┌─ EXERCISE INPUT

lemma zernike_poly_dw_Suc_add_dz: "zernike_poly_dw n (Suc k) z w + zernike_poly_dz n k z w = 0"
proof -
  have "zernike_coeff n (Suc k) r * of_nat (Suc k - r) * z ^ (n - Suc k - r) * w ^ (Suc k - r - 1)
      + zernike_coeff n k r * of_nat (n - k - r) * z ^ (n - k - r - 1) * w ^ (k - r) = 0" for r
  proof -
    have "n - Suc k - r = n - k - r - 1" "Suc k - r - 1 = k - r"
      by auto
    then have "zernike_coeff n (Suc k) r * of_nat (Suc k - r) * z ^ (n - Suc k - r) * w ^ (Suc k - r - 1)
      + zernike_coeff n k r * of_nat (n - k - r) * z ^ (n - k - r - 1) * w ^ (k - r)
      = (zernike_coeff n (Suc k) r * of_nat (Suc k - r) + zernike_coeff n k r * of_nat (n - k - r))
        * (z ^ (n - k - r - 1) * w ^ (k - r))"
      by (simp only: distrib_right mult.assoc)
    then show ?thesis
      by (simp add: zernike_coeff_Suc)
  qed
  then show ?thesis
    unfolding zernike_poly_dw_def zernike_poly_dz_def sum.distrib[symmetric]
    by (intro sum.neutral) simp
qed

lemma zernike_poly_swap:
  assumes "k \<le> n"
  shows "zernike_poly n (n - k) w z = (-1) ^ n * zernike_poly n k z w"
proof -
  have "zernike_coeff n (n - k) r = (-1) ^ n * zernike_coeff n k r" for r
  proof -
    have "(-1::complex) ^ (n - k + r) = (-1) ^ n * (-1) ^ (k + r)"
      using assms by (simp add: minus_one_power_iff)
    then show ?thesis
      using choose_mult_choose_complement[OF assms, of r] by (simp add: zernike_coeff_def)
  qed
  moreover have "n - (n - k) - r = k - r" for r
    using assms by auto
  ultimately show ?thesis
    unfolding zernike_poly_def sum_distrib_left
    by (intro sum.cong) (simp_all add: ac_simps)
qed

lemma cnj_zernike_poly: "cnj (zernike_poly n k z w) = zernike_poly n k (cnj z) (cnj w)"
  by (simp add: zernike_poly_def zernike_coeff_def)

lemma binomial_expansion_zernike_summand:
  fixes z w :: "'a::comm_ring_1"
  assumes "s \<le> k"
  shows "of_nat (k choose s) * of_nat (m choose s) * z ^ (m - s) * (1 - z * w) ^ s * (- w) ^ (k - s)
       = (\<Sum>r\<le>k. (-1) ^ (k + r) * of_nat ((k choose s) * (m choose s) * (s choose r))
                  * z ^ (m - r) * w ^ (k - r))"
proof (cases "s \<le> m")
  case True
  have monomial: "z ^ (m - s) * (- (z * w)) ^ (s - r) * (- w) ^ (k - s)
      = (-1) ^ (k + r) * z ^ (m - r) * w ^ (k - r)"
    if "r \<le> s" for r
  proof -
    have "z ^ (m - s) * (- (z * w)) ^ (s - r) * (- w) ^ (k - s)
        = (-1) ^ ((s - r) + (k - s)) * z ^ ((m - s) + (s - r)) * w ^ ((s - r) + (k - s))"
      unfolding power_minus[of "z * w"] power_minus[of w] power_mult_distrib power_add
      by (simp only: ac_simps)
    also have "\<dots> = (-1) ^ (k - r) * z ^ (m - r) * w ^ (k - r)"
      using that True assms by (simp add: add.commute)
    finally show ?thesis
      using that assms by (simp add: neg_one_power_add_eq_neg_one_power_diff)
  qed
  have "(1 - z * w) ^ s = (\<Sum>r\<le>s. of_nat (s choose r) * (- (z * w)) ^ (s - r))"
    using binomial_ring[of 1 "- (z * w)" s] by simp
  then have "of_nat (k choose s) * of_nat (m choose s) * z ^ (m - s) * (1 - z * w) ^ s * (- w) ^ (k - s)
      = (\<Sum>r\<le>s. of_nat ((k choose s) * (m choose s) * (s choose r))
                  * (z ^ (m - s) * (- (z * w)) ^ (s - r) * (- w) ^ (k - s)))"
    by (simp add: sum_distrib_left sum_distrib_right ac_simps)
  also have "\<dots> = (\<Sum>r\<le>s. (-1) ^ (k + r) * of_nat ((k choose s) * (m choose s) * (s choose r))
                  * z ^ (m - r) * w ^ (k - r))"
  proof (rule sum.cong)
    fix r
    assume "r \<in> {..s}"
    then have "r \<le> s"
      by simp
    then show "of_nat ((k choose s) * (m choose s) * (s choose r))
          * (z ^ (m - s) * (- (z * w)) ^ (s - r) * (- w) ^ (k - s))
        = (-1) ^ (k + r) * of_nat ((k choose s) * (m choose s) * (s choose r))
          * z ^ (m - r) * w ^ (k - r)"
      unfolding monomial[OF \<open>r \<le> s\<close>] by (simp add: ac_simps)
  qed simp
  also have "\<dots> = (\<Sum>r\<le>k. (-1) ^ (k + r) * of_nat ((k choose s) * (m choose s) * (s choose r))
                  * z ^ (m - r) * w ^ (k - r))"
    using assms by (intro sum.mono_neutral_left) (auto simp: binomial_eq_0)
  finally show ?thesis .
next
  case False
  then show ?thesis
    by (simp add: binomial_eq_0)
qed

lemma zernike_low_eq_zernike_poly:
  assumes "k \<le> n"
  shows "zernike_low n k z = zernike_poly n k z (cnj z)"
proof -
  define T where "T s r = (-1) ^ (k + r) * of_nat ((k choose s) * ((n - k) choose s) * (s choose r))
    * z ^ (n - k - r) * cnj z ^ (k - r)" for s r
  have "zernike_low n k z = (\<Sum>s\<le>k. \<Sum>r\<le>k. T s r)"
    unfolding zernike_low_def T_def atMost_atLeast0[symmetric]
    by (intro sum.cong refl binomial_expansion_zernike_summand) simp
  also have "\<dots> = (\<Sum>r\<le>k. \<Sum>s\<le>k. T s r)"
    by (rule sum.swap)
  also have "\<dots> = (\<Sum>r\<le>k. zernike_coeff n k r * z ^ (n - k - r) * cnj z ^ (k - r))"
  proof (rule sum.cong)
    fix r
    assume "r \<in> {..k}"
    then have "(\<Sum>s\<le>k. (k choose s) * ((n - k) choose s) * (s choose r))
        = (k choose r) * ((n - r) choose k)"
      using assms sum_choose_mult_choose_mult_choose[of r k "n - k"] by simp
    then have "(\<Sum>s\<le>k. of_nat ((k choose s) * ((n - k) choose s) * (s choose r)) :: complex)
        = of_nat ((k choose r) * ((n - r) choose k))"
      by (simp only: of_nat_sum[symmetric])
    moreover have "(\<Sum>s\<le>k. T s r) = (-1) ^ (k + r)
        * (\<Sum>s\<le>k. of_nat ((k choose s) * ((n - k) choose s) * (s choose r)))
        * z ^ (n - k - r) * cnj z ^ (k - r)"
      unfolding T_def by (simp only: sum_distrib_left sum_distrib_right)
    ultimately show "(\<Sum>s\<le>k. T s r) = zernike_coeff n k r * z ^ (n - k - r) * cnj z ^ (k - r)"
      by (simp only: zernike_coeff_def)
  qed simp
  also have "\<dots> = zernike_poly n k z (cnj z)"
    unfolding zernike_poly_def using assms
    by (intro sum.mono_neutral_left) (auto simp: zernike_coeff_def binomial_eq_0)
  finally show ?thesis .
qed

lemma zernike_eq_zernike_poly:
  assumes "k \<le> n"
  shows "zernike n k = (\<lambda>z. zernike_poly n k z (cnj z))"
proof
  fix z
  show "zernike n k z = zernike_poly n k z (cnj z)"
  proof (cases "k \<le> n div 2")
    case True
    then show ?thesis
      using zernike_low_eq_zernike_poly[OF assms] by (simp add: zernike_def)
  next
    case False
    have "zernike n k z = (-1) ^ n * cnj (zernike_poly n (n - k) z (cnj z))"
      using False zernike_low_eq_zernike_poly[of "n - k" n] by (simp add: zernike_def)
    also have "\<dots> = (-1) ^ n * ((-1) ^ n * zernike_poly n k z (cnj z))"
      using zernike_poly_swap[OF assms] by (simp add: cnj_zernike_poly)
    finally show ?thesis
      by (simp flip: power_mult_distrib)
  qed
qed

lemma
  assumes "k \<le> n"
  shows dz_zernike: "dz (zernike n k) z = zernike_poly_dz n k z (cnj z)"
    and dzbar_zernike: "dzbar (zernike n k) z = zernike_poly_dw n k z (cnj z)"
  unfolding zernike_eq_zernike_poly[OF assms]
  by (rule dz_eq_derivative dzbar_eq_derivative, rule has_derivative_zernike_poly)+

lemma zernike_low_unit_circle:
  assumes "cmod t = 1"
  shows "zernike_low n k t = (-1) ^ k * t ^ (n - k) * cnj t ^ k"
proof -
  have "1 - t * cnj t = 0"
    using complex_norm_square[of t] assms by simp
  then have "zernike_low n k t
      = (\<Sum>s=0..k. if s = 0 then (-1) ^ k * t ^ (n - k) * cnj t ^ k else 0)"
    unfolding zernike_low_def by (intro sum.cong refl) (simp add: power_minus[of "cnj t"])
  then show ?thesis
    by simp
qed

lemma power_int_unit_circle:
  assumes "cmod t = 1" "k \<le> n"
  shows "t powi (int n - 2 * int k) = t ^ (n - k) * cnj t ^ k"
proof -
  have "t \<noteq> 0"
    using assms by auto
  have "cnj t = inverse t"
    using complex_norm_square[of t] assms by (simp add: inverse_unique)
  have "int n - 2 * int k = int (n - k) - int k"
    using assms by simp
  then have "t powi (int n - 2 * int k) = t powi int (n - k) / t powi int k"
    using \<open>t \<noteq> 0\<close> power_int_diff by metis
  also have "\<dots> = t ^ (n - k) * cnj t ^ k"
    by (simp only: power_int_of_nat \<open>cnj t = inverse t\<close> divide_inverse power_inverse)
  finally show ?thesis .
qed

lemma zernike_unit_circle:
  assumes "cmod t = 1" "k \<le> n"
  shows "zernike n k t = (-1) ^ k * t powi (int n - 2 * int k)"
proof (cases "k \<le> n div 2")
  case True
  then show ?thesis
    using assms by (simp add: zernike_def zernike_low_unit_circle power_int_unit_circle)
next
  case False
  have "zernike n k t = (-1) ^ n * cnj ((-1) ^ (n - k) * t ^ (n - (n - k)) * cnj t ^ (n - k))"
    using False by (simp add: zernike_def zernike_low_unit_circle[OF assms(1)])
  also have "\<dots> = ((-1) ^ n * (-1) ^ (n - k)) * (t ^ (n - k) * cnj t ^ k)"
    using assms by (simp add: mult_ac)
  also have "(-1::complex) ^ n * (-1) ^ (n - k) = (-1) ^ k"
    using assms by (simp add: minus_one_power_iff)
  finally show ?thesis
    by (simp only: power_int_unit_circle[OF assms])
qed

theorem theorem1:
  fixes n :: nat
  shows "(\<forall>z. dz (zernike n n) z = 0)
       \<and> (\<forall>k\<in>{1..n}. \<forall>z. dzbar (zernike n k) z + dz (zernike n (k - 1)) z = 0)
       \<and> (\<forall>z. dzbar (zernike n 0) z = 0)
       \<and> (\<forall>k\<in>{0..n}. \<forall>t::complex. cmod t = 1 \<longrightarrow>
             zernike n k t = (-1) ^ k * t powi (int n - 2 * int k))"
proof (intro conjI ballI allI impI)
  fix z
  show "dz (zernike n n) z = 0"
    by (simp add: dz_zernike zernike_poly_dz_diag)
  show "dzbar (zernike n 0) z = 0"
    by (simp add: dzbar_zernike zernike_poly_dw_0)
next
  fix k z
  assume "k \<in> {1..n}"
  then obtain j where "k = Suc j" "Suc j \<le> n"
    by (cases k) auto
  then show "dzbar (zernike n k) z + dz (zernike n (k - 1)) z = 0"
    by (simp add: dz_zernike dzbar_zernike zernike_poly_dw_Suc_add_dz)
next
  fix k t
  assume "k \<in> {0..n}" "cmod t = 1"
  then show "zernike n k t = (-1) ^ k * t powi (int n - 2 * int k)"
    by (simp add: zernike_unit_circle)
qed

└─

--- EXERCISE ---
Which lines above run from the one containing "by (intro sum.mono_neutral_left) (auto simp: zernike_coeff_def" to the one containing "- t * cnj t"? Give them again exactly, both ends included.

--- OUTPUT BELOW ---
    by (intro sum.mono_neutral_left) (auto simp: zernike_coeff_def binomial_eq_0)
  finally show ?thesis .
qed

lemma zernike_eq_zernike_poly:
  assumes "k \<le> n"
  shows "zernike n k = (\<lambda>z. zernike_poly n k z (cnj z))"
proof
  fix z
  show "zernike n k z = zernike_poly n k z (cnj z)"
  proof (cases "k \<le> n div 2")
    case True
    then show ?thesis
      using zernike_low_eq_zernike_poly[OF assms] by (simp add: zernike_def)
  next
    case False
    have "zernike n k z = (-1) ^ n * cnj (zernike_poly n (n - k) z (cnj z))"
      using False zernike_low_eq_zernike_poly[of "n - k" n] by (simp add: zernike_def)
    also have "\<dots> = (-1) ^ n * ((-1) ^ n * zernike_poly n k z (cnj z))"
      using zernike_poly_swap[OF assms] by (simp add: cnj_zernike_poly)
    finally show ?thesis
      by (simp flip: power_mult_distrib)
  qed
qed

lemma
  assumes "k \<le> n"
  shows dz_zernike: "dz (zernike n k) z = zernike_poly_dz n k z (cnj z)"
    and dzbar_zernike: "dzbar (zernike n k) z = zernike_poly_dw n k z (cnj z)"
  unfolding zernike_eq_zernike_poly[OF assms]
  by (rule dz_eq_derivative dzbar_eq_derivative, rule has_derivative_zernike_poly)+

lemma zernike_low_unit_circle:
  assumes "cmod t = 1"
  shows "zernike_low n k t = (-1) ^ k * t ^ (n - k) * cnj t ^ k"
proof -
  have "1 - t * cnj t = 0"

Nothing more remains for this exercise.